O Futuro da Religião, Tendo em Vista Seu Passado
Parte 8: c. 563 AEC em diante — uma iluminação que prometia libertação
“O teste de uma religião ou filosofia é o número de coisas que esta consegue explicar.” − Ralph Waldo Emerson, poeta americano do século 19.
POUCO se sabe ao certo, se é que se sabe algo, sobre ele. A tradição diz que seu nome era Sidarta Gautama, que era um príncipe, e que nascera uns 600 anos antes de Cristo, no setentrional reino indiano dos xáquias. Foi chamado de Xáquia-Múni (sábio da tribo dos xáquias) e de Tatagata, um título de significado incerto. É bem provável que o reconheça apenas pelo seu título mais conhecido, o Buda.
Gautama foi criado em ambientes palaciais, mas aos 29 anos repentinamente apercebeu-se da miséria que o rodeava. Desejava obter uma explicação, não diferente das pessoas hoje que sinceramente se perguntam sobre o motivo da existência da iniqüidade e do sofrimento. Abandonando a esposa e o filhinho, fugiu para o ermo, onde durante seis anos levou a vida de um asceta. Deitava-se sobre espinhos e durante algum tempo subsistiu comendo apenas um grão de arroz por dia. Mas isso não lhe trouxe iluminação.
Então, aproximadamente aos 35 anos, Gautama optou por um proceder mais moderado que chamou de Caminho ou Via Média. Ele fez o voto de permanecer sentado sob uma figueira até conseguir a iluminação. Finalmente, após uma noite de visões, sentiu que sua busca havia sido recompensada. A partir de então ele ficou conhecido como o Buda, que significa “o iluminado”. Mas, Gautama não reclamou o monopólio do título. Portanto, este precisa sempre ser usado junto com um artigo, um buda ou, no caso de Gautama, o Buda.
O Caminho da Libertação
Afirma-se que os deuses hindus Indra e Brama rogaram ao Buda para que divulgasse a outros suas recém-encontradas verdades. Ele empreendeu fazer isso. Embora retivesse a atitude tolerante do hinduísmo, de que todas as religiões têm mérito, o Buda discordava de seu sistema de castas e de sua ênfase aos sacrifícios animais. Rejeitou as afirmações de que os Vedas hindus fossem escrituras de origem divina.

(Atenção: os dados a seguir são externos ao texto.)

lemma cyc_split: "cyc E ends rho + 1 = cyc E1 ends rho1 + cyc E2 ends rho2"
proof -
  let ?g = split_face_step and ?D1 = "darts E1 ends" and ?D2 = "darts E2 ends"
  note swap = successor_swap_split_face_step
  have closed: "?g ` ?D1 \<subseteq> ?D1" "?g ` ?D2 \<subseteq> ?D2"
    using split_face_step_left face_step_left(1) split_face_step_right face_step_right(1)
    by (simp_all add: image_subset_iff)
  have "funpow_orbit ?g (left_last, v) \<subseteq> ?D1"
    by (rule funpow_orbit_subset[OF closed(1) left_last_dart])
  then have "(right_last, v) \<notin> funpow_orbit ?g (left_last, v)"
    using right_last_dart darts_split(2) by blast
  then have "cyc E ends rho + 1 = card (funpow_orbit ?g ` darts E ends)"
    unfolding cyc_def face_orbit_eq_funpow_orbit by (rule successor_swap.card_orbits[OF swap, symmetric])
  also have "\<dots> = card (funpow_orbit ?g ` ?D1) + card (funpow_orbit ?g ` ?D2)"
    using card_funpow_orbits_Un[OF _ darts_split(2) closed] successor_swap.fin[OF swap]
    unfolding darts_split(1) by simp
  also have "funpow_orbit ?g ` ?D1 = funpow_orbit (face_step ends rho1) ` ?D1"
    using split_face_step_left face_step_left(1)
    by (intro image_cong refl funpow_orbit_cong[of _ ?D1]) simp_all
  also have "funpow_orbit ?g ` ?D2 = funpow_orbit (face_step ends rho2) ` ?D2"
    using split_face_step_right face_step_right(1)
    by (intro image_cong refl funpow_orbit_cong[of _ ?D2]) simp_all
  finally show ?thesis unfolding cyc_def face_orbit_eq_funpow_orbit .
qed

lemma card_edges_split: "card E = card E1 + card E2"
proof -
  have "finite (E1 \<union> E2)" using edges_split(1) connected unfolding connected_graph_def graph_def by simp
  then have "finite E1" "finite E2" by simp_all
  then show ?thesis using card_Un_disjoint[of E1 E2] edges_split by simp
qed

end

theorem lemma4p6:
  fixes V :: "'v set" and E :: "'e set" and ends :: "'e \<Rightarrow> 'v set"
    and rho :: "'v \<Rightarrow> 'e \<Rightarrow> 'e" and v :: 'v and es :: "'e list" and i j :: nat
  assumes rg: "ribbon_graph V E ends rho"
    and vV: "v \<in> V"
    and ij: "i \<ge> 1" "j \<ge> 1"
    and es_len: "length es = i + j"
    and es_dist: "distinct es"
    and es_set: "set es = incident E ends v"
    and es_rot: "\<forall>k < i + j. rho v (es ! k) = es ! (Suc k mod (i + j))"
    and sep: "\<forall>k < i. \<forall>l. i \<le> l \<and> l < i + j \<longrightarrow>
               (\<forall>H \<in> v_components V E ends v. \<not> (es ! k \<in> snd H \<and> es ! l \<in> snd H))"
    and G1: "(V1, E1) = union_vcomps_containing V E ends v (set (take i es))"
    and G2: "(V2, E2) = union_vcomps_containing V E ends v (set (drop i es))"
  shows "genus V E ends rho =
           genus V1 E1 ends (\<lambda>u. restrict_cyclic (incident E1 ends u) (rho u))
         + genus V2 E2 ends (\<lambda>u. restrict_cyclic (incident E2 ends u) (rho u))"
proof -
  interpret vertex_split V E ends rho v es i j V1 E1 V2 E2
    using assms by (simp add: vertex_split_def)
  have "real (card V1) + real (card V2) = real (card V) + 1"
    using card_vertices_split by (metis of_nat_1 of_nat_add)
  moreover have "real (card E) = real (card E1) + real (card E2)"
    using card_edges_split by simp
  moreover have "real (cyc E ends rho) + 1 = real (cyc E1 ends rho1) + real (cyc E2 ends rho2)"
    using cyc_split by (metis of_nat_1 of_nat_add)
  ultimately show ?thesis unfolding genus_def by (simp add: field_simps)
qed

end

E embora não negasse a possibilidade da existência de Deus, deveras excluiu a Deus como sendo um Criador. A lei da causalidade, argumentou ele, não teve início. E ele foi mais além do que o hinduísmo, alegadamente prometendo em seu primeiro sermão: “Esta, monges, é a via média cujo conhecimento. . . leva à compreensão, a qual leva à sabedoria, a qual conduz à calma, ao conhecimento, à perfeita iluminação, ao Nirvana.”
‘Que é o Nirvana?’, você pergunta. “É difícil encontrar uma resposta errônea a esta pergunta”, diz o historiador Will Durant, pois “o Mestre deixou o ponto obscuro, e seus seguidores deram à palavra todas as significações”. “Não existe um conceito budista único”, concorda The Encyclopedia of Religion (Enciclopédia de Religião), pois este “varia segundo a cultura, o período histórico, o idioma, a escola, e até mesmo a pessoa”. Certo escritor chama-o de “a pura ausência do desejo, a eterna infinidade do vazio. . . , a eterna tranqüilidade da morte sem renascimento”. Outros, recorrendo ao significado de sua raiz no sânscrito, “apagar”, afirmam ser como uma chama que se extingue quando o combustível se esgota. De qualquer forma, o Nirvana promete libertação.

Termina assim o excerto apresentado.